▶ [Problem details] Each line from the beginning of the entries below through the line that includes "(binomial_transform m (binomial_transform" must be returned exactly as given.

▶ [Data for processing]

lemma orbit_point_orbit_point:
  assumes "m \<in> \<int>"
  shows "orbit_point d z m (orbit_point d z k x) = orbit_point d z (k + m) x"
proof -
  have "frac (binomial_transform m ((orbit_point d z k x)(0 := z)) i)
      = frac (binomial_transform m (binomial_transform k (x(0 := z))) i)" if "i \<in> {1..d}" for i
  proof (rule frac_binomial_transform_cong[OF assms])
    fix j assume "j \<le> i"
    then show "((orbit_point d z k x)(0 := z)) j - binomial_transform k (x(0 := z)) j \<in> \<int>"
      using that by (cases "j = 0") (auto simp: orbit_point_def frac_def)
  qed
  then show ?thesis
    by (simp add: orbit_point_def fun_eq_iff binomial_transform_add)
qed

lemma orbit_point_minus_one_fmap: "x \<in> torus d \<Longrightarrow> orbit_point d z (-1) (fmap d z x) = x"
  by (simp add: fmap_eq_orbit_point orbit_point_orbit_point orbit_point_0)

lemma inj_on_fmap: "inj_on (fmap d z) (torus d)"
  by (metis inj_onI orbit_point_minus_one_fmap)

lemma inv_into_fmap: "x \<in> torus d \<Longrightarrow> inv_into (torus d) (fmap d z) x = orbit_point d z (-1) x"
  by (intro inv_into_f_eq inj_on_fmap orbit_point_in_torus)
     (simp add: fmap_eq_orbit_point orbit_point_orbit_point orbit_point_0)

lemma fiter_eq_orbit_point:
  assumes "x \<in> torus d"
  shows "fiter d z k x = orbit_point d z (of_int k) x"
proof -
  have "(fmap d z ^^ n) x = orbit_point d z (of_nat n) x" for n
    by (induction n) (simp_all add: assms orbit_point_0 fmap_eq_orbit_point orbit_point_orbit_point add.commute)
  moreover have "(inv_into (torus d) (fmap d z) ^^ n) x = orbit_point d z (- of_nat n) x" for n
    by (induction n) (simp_all add: assms orbit_point_0 inv_into_fmap orbit_point_in_torus
        orbit_point_orbit_point algebra_simps)
  ultimately show ?thesis by (simp add: fiter_def)
qed

definition binomial_transform_poly :: "(nat \<Rightarrow> 'a::comm_semiring_1) \<Rightarrow> nat \<Rightarrow> 'a poly" where
  "binomial_transform_poly y i = (\<Sum>j\<le>i. monom (of_nat (i choose j) * y j) (i - j))"

lemma poly_binomial_transform_poly: "poly (binomial_transform_poly y i) k = binomial_transform k y i"
  by (simp add: binomial_transform_poly_def binomial_transform_def poly_sum poly_monom algebra_simps)

lemma degree_binomial_transform_poly: "degree (binomial_transform_poly y i) \<le> i"
  unfolding binomial_transform_poly_def
  by (intro degree_sum_le) (auto intro: order.trans[OF degree_monom_le])

lemma coeff_binomial_transform_poly:
  assumes "j \<le> i"
  shows "coeff (binomial_transform_poly y i) (i - j) = of_nat (i choose j) * y j"
proof -
  have "coeff (binomial_transform_poly y i) (i - j)
      = (\<Sum>l\<in>{j}. if i - l = i - j then of_nat (i choose l) * y l else 0)"
    unfolding binomial_transform_poly_def coeff_sum coeff_monom
    by (rule sum.mono_neutral_right) (use assms in auto)
  then show ?thesis by simp
qed
lemma A_nbr_neq: "i < 2 * r \<Longrightarrow> hamming_nbr A i \<noteq> A" "i < 2 * r \<Longrightarrow> A \<noteq> hamming_nbr A i"
  using hamming_nbr_neq[OF A] by metis+

lemma B_nbr_neq: "i < 2 * s \<Longrightarrow> hamming_nbr B i \<noteq> B" "i < 2 * s \<Longrightarrow> B \<noteq> hamming_nbr B i"
  using hamming_nbr_neq[OF B] by metis+

lemma A_nbr_eq_iff: "i < 2 * r \<Longrightarrow> j < 2 * r \<Longrightarrow> hamming_nbr A i = hamming_nbr A j \<longleftrightarrow> i = j"
  using hamming_nbr_inj[OF A] by blast

lemma B_nbr_eq_iff: "i < 2 * s \<Longrightarrow> j < 2 * s \<Longrightarrow> hamming_nbr B i = hamming_nbr B j \<longleftrightarrow> i = j"
  using hamming_nbr_inj[OF B] by blast

lemma detour_between_endpoints:
  assumes "\<And>Y. tstr t Y \<Longrightarrow> e3c_adj r s t (A,B,Y,e) (A',B',Y,e)" "e \<noteq> 0"
  shows "e3c_path r s t (A,B,C,d) (A,B,C',d) (detour d e A B A' B' C C')"
    "length (detour d e A B A' B' C C') \<le> t + 7"
    "set (detour d e A B A' B' C C') \<subseteq>
       {(A,B,C,d), (A,B,C',d)} \<union> {A} \<times> {B} \<times> {C,C'} \<times> {e} \<union> {A'} \<times> {B'} \<times> UNIV"
proof -
  show "e3c_path r s t (A,B,C,d) (A,B,C',d) (detour d e A B A' B' C C')"
    using assms d C C' C_neq_C' by (rule e3c_path_detour)
  show "length (detour d e A B A' B' C C') \<le> t + 7"
    using length_detour[of d e A B A' B' C C'] k_le_t by (simp add: k_def)
  show "set (detour d e A B A' B' C C') \<subseteq>
      {(A,B,C,d), (A,B,C',d)} \<union> {A} \<times> {B} \<times> {C,C'} \<times> {e} \<union> {A'} \<times> {B'} \<times> UNIV"
    unfolding set_detour using set_layer0_geodesic by blast
qed

definition cross_middle :: "nat \<Rightarrow> e3vert list" where
  "cross_middle j =
    (if k = 2 then [(A,B,cross_start j,0)]
     else detour 0 2 A B (hamming_nbr A (Suc j)) B (cross_start j) (cross_end j))"

definition route_path :: "route \<Rightarrow> e3vert list" where
  "route_path \<rho> = (case \<rho> of
      Via_A i \<Rightarrow> detour d 2 A B (hamming_nbr A i) B C C'
    | Via_B i \<Rightarrow> detour d 1 A B A (hamming_nbr B i) C C'
    | Direct \<Rightarrow> (A,B,C,d) # layer0_geodesic A B C C' @ [(A,B,C',d)]
    | Third p c \<Rightarrow> (A,B,C,d) # layer0_geodesic A B (C[p := c]) (C'[p := c]) @ [(A,B,C',d)]
    | Cross j \<Rightarrow> (A,B,C,d) # cross_middle j @ [(A,B,C',d)]
    | Edge \<Rightarrow> [(A,B,C,d), (A,B,C',d)])"

text \<open>Contains the interior of the route's path; distinct routes get regions meeting at most in the endpoints.\<close>

definition region :: "route \<Rightarrow> e3vert set" where
  "region \<rho> = (case \<rho> of
      Via_A i \<Rightarrow> {A} \<times> {B} \<times> {C,C'} \<times> {2} \<union> {hamming_nbr A i} \<times> {B} \<times> UNIV
    | Via_B i \<Rightarrow> {A} \<times> {B} \<times> {C,C'} \<times> {1} \<union> {A} \<times> {hamming_nbr B i} \<times> UNIV
    | Direct \<Rightarrow> {A} \<times> {B} \<times> UNIV \<times> {0}
    | Third p c \<Rightarrow> {A} \<times> {B} \<times> between (C[p := c]) (C'[p := c]) \<times> {0}
    | Cross j \<Rightarrow> {A} \<times> {B} \<times> {cross_start j, cross_end j} \<times> {0,2}
        \<union> {hamming_nbr A (Suc j)} \<times> {B} \<times> UNIV
    | Edge \<Rightarrow> {})"

lemma cross_middle_path:
  assumes "2 \<le> k" "Suc j < 2 * r"
  shows "e3c_path r s t (A,B,cross_start j,0) (A,B,cross_end j,0) (cross_middle j)"
    "length (cross_middle j) \<le> k + 5"
    "set (cross_middle j) \<subseteq> region (Cross j)"
proof -
  have len: "length (cross_start j) = length (cross_end j)" by (simp add: length_cross)
  show "length (cross_middle j) \<le> k + 5"
    using length_detour[of 0 2 A B "hamming_nbr A (Suc j)" B "cross_start j" "cross_end j"]
      card_diff_positions_cross[OF assms(1), of j] assms(1)
    by (simp add: cross_middle_def)
  have "set (detour 0 2 A B (hamming_nbr A (Suc j)) B (cross_start j) (cross_end j)) \<subseteq> region (Cross j)"
    unfolding set_detour region_def route.case using set_layer0_geodesic by blast
  then show "set (cross_middle j) \<subseteq> region (Cross j)"
    by (simp add: cross_middle_def region_def)
  show "e3c_path r s t (A,B,cross_start j,0) (A,B,cross_end j,0) (cross_middle j)"
  proof (cases "k = 2")
    case True
    then have "cross_start j = cross_end j"
      using card_diff_positions_cross[of j] diff_positions_empty_iff[OF len] by simp
    then show ?thesis
      using True A B tstr_cross by (simp add: cross_middle_def e3c_path_def e3c_vertices_iff)
  next
    case False
    then have "diff_positions (cross_start j) (cross_end j) \<noteq> {}"
      using card_diff_positions_cross[of j] assms(1) by auto
    then have "cross_start j \<noteq> cross_end j" using diff_positions_empty_iff[OF len] by simp
    then show ?thesis
      using False e3c_adj_A_nbr[OF A B _ assms(2)] tstr_cross
      by (simp add: cross_middle_def e3c_path_detour)
  qed
qed
lemma BNE_if_zero_prices:
  assumes n: "2 \<le> n" and fin: "finite (set_pmf \<mu>)"
    and zero: "\<forall>i<n. \<forall>t. pos_signal \<mu> i t \<longrightarrow> \<sigma> i t = 0"
  shows "BNE n \<mu> \<sigma>"
  unfolding BNE_def
proof (intro allI impI)
  fix i t q
  assume i: "i < n" and t: "pos_signal \<mu> i t"
  obtain j where j: "j < n" "j \<noteq> i"
    using exists_rival[OF n i] by blast
  have "interim_payoff n \<mu> \<sigma> i t q \<le> measure_pmf.expectation (cond_pmf \<mu> (sig_event i t)) (\<lambda>_. 0)"
    unfolding interim_payoff_def
  proof (rule expectation_mono_pmf[OF finite_cond_signal[OF fin t]])
    fix y
    assume "y \<in> set_pmf (cond_pmf \<mu> (sig_event i t))"
    then have "\<sigma> j (fst y j) = 0"
      using zero j by (auto simp: set_cond_signal[OF t] pos_signal_iff)
    then show "(case y of (s, \<omega>) \<Rightarrow> payoff n (\<lambda>l. if l = i then q else \<sigma> l (s l)) \<omega> i) \<le> 0"
      using i j payoff_nonpos[of "\<lambda>l. if l = i then q else \<sigma> l (fst y l)" i n "snd y"]
        payoff_nonzero_iff[OF i, of "\<lambda>l. if l = i then q else \<sigma> l (fst y l)" "snd y"]
      by (cases "q \<le> 0") (auto simp: case_prod_beta)
  qed
  also have "\<dots> = interim_payoff n \<mu> \<sigma> i t (\<sigma> i t)"
    using zero i t interim_payoff_zero_price by simp
  finally show "interim_payoff n \<mu> \<sigma> i t q \<le> interim_payoff n \<mu> \<sigma> i t (\<sigma> i t)" .
qed
lemma sublinear_shift_le: "0 \<le> t \<Longrightarrow> sublinear_shift q z x \<le> q (x + t *\<^sub>R z) - t * q z"
  unfolding sublinear_shift_def
proof (rule cINF_lower)
  show "bdd_below ((\<lambda>t. q (x + t *\<^sub>R z) - t * q z) ` {0..})"
  proof (rule bdd_belowI2)
    fix t :: real assume "t \<in> {0..}"
    have "t * q z = q (t *\<^sub>R z)" using \<open>t \<in> {0..}\<close> q by (simp add: sublinear_scaleR)
    also have "\<dots> \<le> q (x + t *\<^sub>R z) + q (- x)"
      using sublinear_add_le[OF q, of "x + t *\<^sub>R z" "- x"] by simp
    finally show "- q (- x) \<le> q (x + t *\<^sub>R z) - t * q z" by simp
  qed
qed simp

lemma sublinear_shift_greatest:
  "(\<And>t. 0 \<le> t \<Longrightarrow> a \<le> q (x + t *\<^sub>R z) - t * q z) \<Longrightarrow> a \<le> sublinear_shift q z x"
  unfolding sublinear_shift_def by (rule cINF_greatest) auto

lemma sublinear_shift_le_self: "sublinear_shift q z x \<le> q x"
  using sublinear_shift_le[of 0] by simp

lemma sublinear_shift_neg: "sublinear_shift q z (- z) \<le> - q z"
  using sublinear_shift_le[of 1 z "- z"] sublinear_zero[OF q] by simp
lemma G_B_dense:
  assumes "g \<in> SymN" "r > 0"
  shows "\<exists>h\<in>G_B. dSym g h < r"
proof -
  obtain n where n: "(1/2::real) ^ n < r" using real_arch_pow_inv[OF assms(2), of "1/2"] by auto
  have bij_g: "bij g" using assms(1) unfolding SymN_def by simp
  obtain h where h: "h \<in> G_B" "\<forall>x\<in>{..n} \<union> Hilbert_Choice.inv g ` {..n}. h x = g x"
    using agrees_on_finite_G_B[OF bij_g, of "{..n} \<union> Hilbert_Choice.inv g ` {..n}"] by auto
  have "g i = h i" if "i \<le> n" for i using h(2) that by simp
  moreover have "Hilbert_Choice.inv g i = Hilbert_Choice.inv h i" if "i \<le> n" for i
  proof -
    have "h (Hilbert_Choice.inv g i) = g (Hilbert_Choice.inv g i)" using h(2) that by simp
    also have "\<dots> = i" using bij_g by (simp add: bij_is_surj surj_f_inv_f)
    finally have "h (Hilbert_Choice.inv g i) = i" .
    then have "Hilbert_Choice.inv h i = Hilbert_Choice.inv g i"
      by (rule inv_f_eq[OF bij_is_inj[OF bij_if_mem_G_B[OF h(1)]]])
    then show ?thesis by simp
  qed
  ultimately have "dSym g h \<le> (1/2) ^ Suc n" by (rule dSym_le_if_agree)
  also have "\<dots> \<le> (1/2) ^ n" by (rule power_decreasing) auto
  also note n
  finally show ?thesis using h(1) by blast
qed

theorem mainTheorem9:
  shows "closedin (Metric_space.mtopology SymN dSym) G_B \<longleftrightarrow> G_B = SymN"
proof
  assume closed: "closedin (Metric_space.mtopology SymN dSym) G_B"
  have "g \<in> G_B" if g: "g \<in> SymN" for g
  proof (rule ccontr)
    assume "g \<notin> G_B"
    then obtain r where "r > 0" and disjoint: "disjnt G_B (Metric_space.mball SymN dSym g r)"
      using closed g unfolding Metric_space.closedin_metric[OF Metric_space_SymN] by blast
    then obtain h where "h \<in> G_B" "dSym g h < r"
      using G_B_dense[OF g] by blast
    moreover from this have "h \<in> Metric_space.mball SymN dSym g r"
      using g G_B_subset_SymN by (simp add: Metric_space.in_mball[OF Metric_space_SymN] subset_iff)
    ultimately show False using disjoint by (simp add: disjnt_iff)
  qed
  then show "G_B = SymN" using G_B_subset_SymN by blast
qed (metis closedin_topspace Metric_space.topspace_mtopology[OF Metric_space_SymN])

end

▶ [Result]
lemma orbit_point_orbit_point:
  assumes "m \<in> \<int>"
  shows "orbit_point d z m (orbit_point d z k x) = orbit_point d z (k + m) x"
proof -
  have "frac (binomial_transform m ((orbit_point d z k x)(0 := z)) i)
      = frac (binomial_transform m (binomial_transform k (x(0 := z))) i)" if "i \<in> {1..d}" for i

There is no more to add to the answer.